Given data:
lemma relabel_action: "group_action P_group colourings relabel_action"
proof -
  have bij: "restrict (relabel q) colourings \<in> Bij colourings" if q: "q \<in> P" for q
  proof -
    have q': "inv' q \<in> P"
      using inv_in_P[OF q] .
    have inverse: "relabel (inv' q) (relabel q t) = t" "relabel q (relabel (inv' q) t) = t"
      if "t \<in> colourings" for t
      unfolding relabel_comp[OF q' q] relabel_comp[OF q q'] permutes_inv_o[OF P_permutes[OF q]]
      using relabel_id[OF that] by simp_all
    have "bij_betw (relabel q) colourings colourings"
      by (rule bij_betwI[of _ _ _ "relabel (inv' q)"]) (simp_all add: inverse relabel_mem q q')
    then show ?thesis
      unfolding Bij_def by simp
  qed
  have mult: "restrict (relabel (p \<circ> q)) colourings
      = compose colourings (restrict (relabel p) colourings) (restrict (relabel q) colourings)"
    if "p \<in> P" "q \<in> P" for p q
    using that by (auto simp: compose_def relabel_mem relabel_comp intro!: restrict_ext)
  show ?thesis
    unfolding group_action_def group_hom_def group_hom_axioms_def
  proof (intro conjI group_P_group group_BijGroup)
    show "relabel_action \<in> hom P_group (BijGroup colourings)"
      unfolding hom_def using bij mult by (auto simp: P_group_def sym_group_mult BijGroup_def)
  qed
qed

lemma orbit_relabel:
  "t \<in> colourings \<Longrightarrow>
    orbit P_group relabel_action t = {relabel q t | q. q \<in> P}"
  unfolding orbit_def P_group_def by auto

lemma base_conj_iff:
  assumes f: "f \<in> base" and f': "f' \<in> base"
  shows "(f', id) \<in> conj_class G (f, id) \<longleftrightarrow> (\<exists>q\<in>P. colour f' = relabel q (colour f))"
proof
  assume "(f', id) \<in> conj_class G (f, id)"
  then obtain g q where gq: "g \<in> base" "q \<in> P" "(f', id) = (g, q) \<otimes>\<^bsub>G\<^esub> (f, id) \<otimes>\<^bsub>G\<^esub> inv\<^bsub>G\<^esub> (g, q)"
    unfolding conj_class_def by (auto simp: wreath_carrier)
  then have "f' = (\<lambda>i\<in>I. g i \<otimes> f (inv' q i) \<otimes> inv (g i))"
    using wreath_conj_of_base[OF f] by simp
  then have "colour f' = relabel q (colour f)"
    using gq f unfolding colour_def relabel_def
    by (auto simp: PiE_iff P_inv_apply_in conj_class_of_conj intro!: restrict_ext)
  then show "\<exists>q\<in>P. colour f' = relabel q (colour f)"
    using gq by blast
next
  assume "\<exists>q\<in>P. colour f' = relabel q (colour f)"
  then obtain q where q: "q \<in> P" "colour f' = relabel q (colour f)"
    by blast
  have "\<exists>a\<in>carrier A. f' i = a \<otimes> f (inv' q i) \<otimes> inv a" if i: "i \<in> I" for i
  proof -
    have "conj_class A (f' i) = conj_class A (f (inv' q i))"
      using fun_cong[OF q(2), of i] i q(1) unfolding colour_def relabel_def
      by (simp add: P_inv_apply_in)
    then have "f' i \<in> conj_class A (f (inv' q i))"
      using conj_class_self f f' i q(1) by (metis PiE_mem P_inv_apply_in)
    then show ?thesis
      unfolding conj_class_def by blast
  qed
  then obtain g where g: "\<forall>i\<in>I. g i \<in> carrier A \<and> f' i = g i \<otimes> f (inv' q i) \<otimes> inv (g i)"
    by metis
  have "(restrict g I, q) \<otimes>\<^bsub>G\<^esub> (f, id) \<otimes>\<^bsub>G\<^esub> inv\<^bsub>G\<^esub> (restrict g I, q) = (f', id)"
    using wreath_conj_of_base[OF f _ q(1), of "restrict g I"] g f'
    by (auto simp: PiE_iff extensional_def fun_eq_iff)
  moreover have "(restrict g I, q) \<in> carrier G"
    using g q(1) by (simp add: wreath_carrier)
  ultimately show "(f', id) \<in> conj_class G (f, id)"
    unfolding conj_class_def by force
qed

Exercise prompt: Final part of the records: return the line that contains "I, q) \<otimes>\<^bsub>G\<^esub>" and every line after it, exactly, with no other lines added.

Solution:
  have "(restrict g I, q) \<otimes>\<^bsub>G\<^esub> (f, id) \<otimes>\<^bsub>G\<^esub> inv\<^bsub>G\<^esub> (restrict g I, q) = (f', id)"
    using wreath_conj_of_base[OF f _ q(1), of "restrict g I"] g f'
    by (auto simp: PiE_iff extensional_def fun_eq_iff)
  moreover have "(restrict g I, q) \<in> carrier G"
    using g q(1) by (simp add: wreath_carrier)
  ultimately show "(f', id) \<in> conj_class G (f, id)"
    unfolding conj_class_def by force
qed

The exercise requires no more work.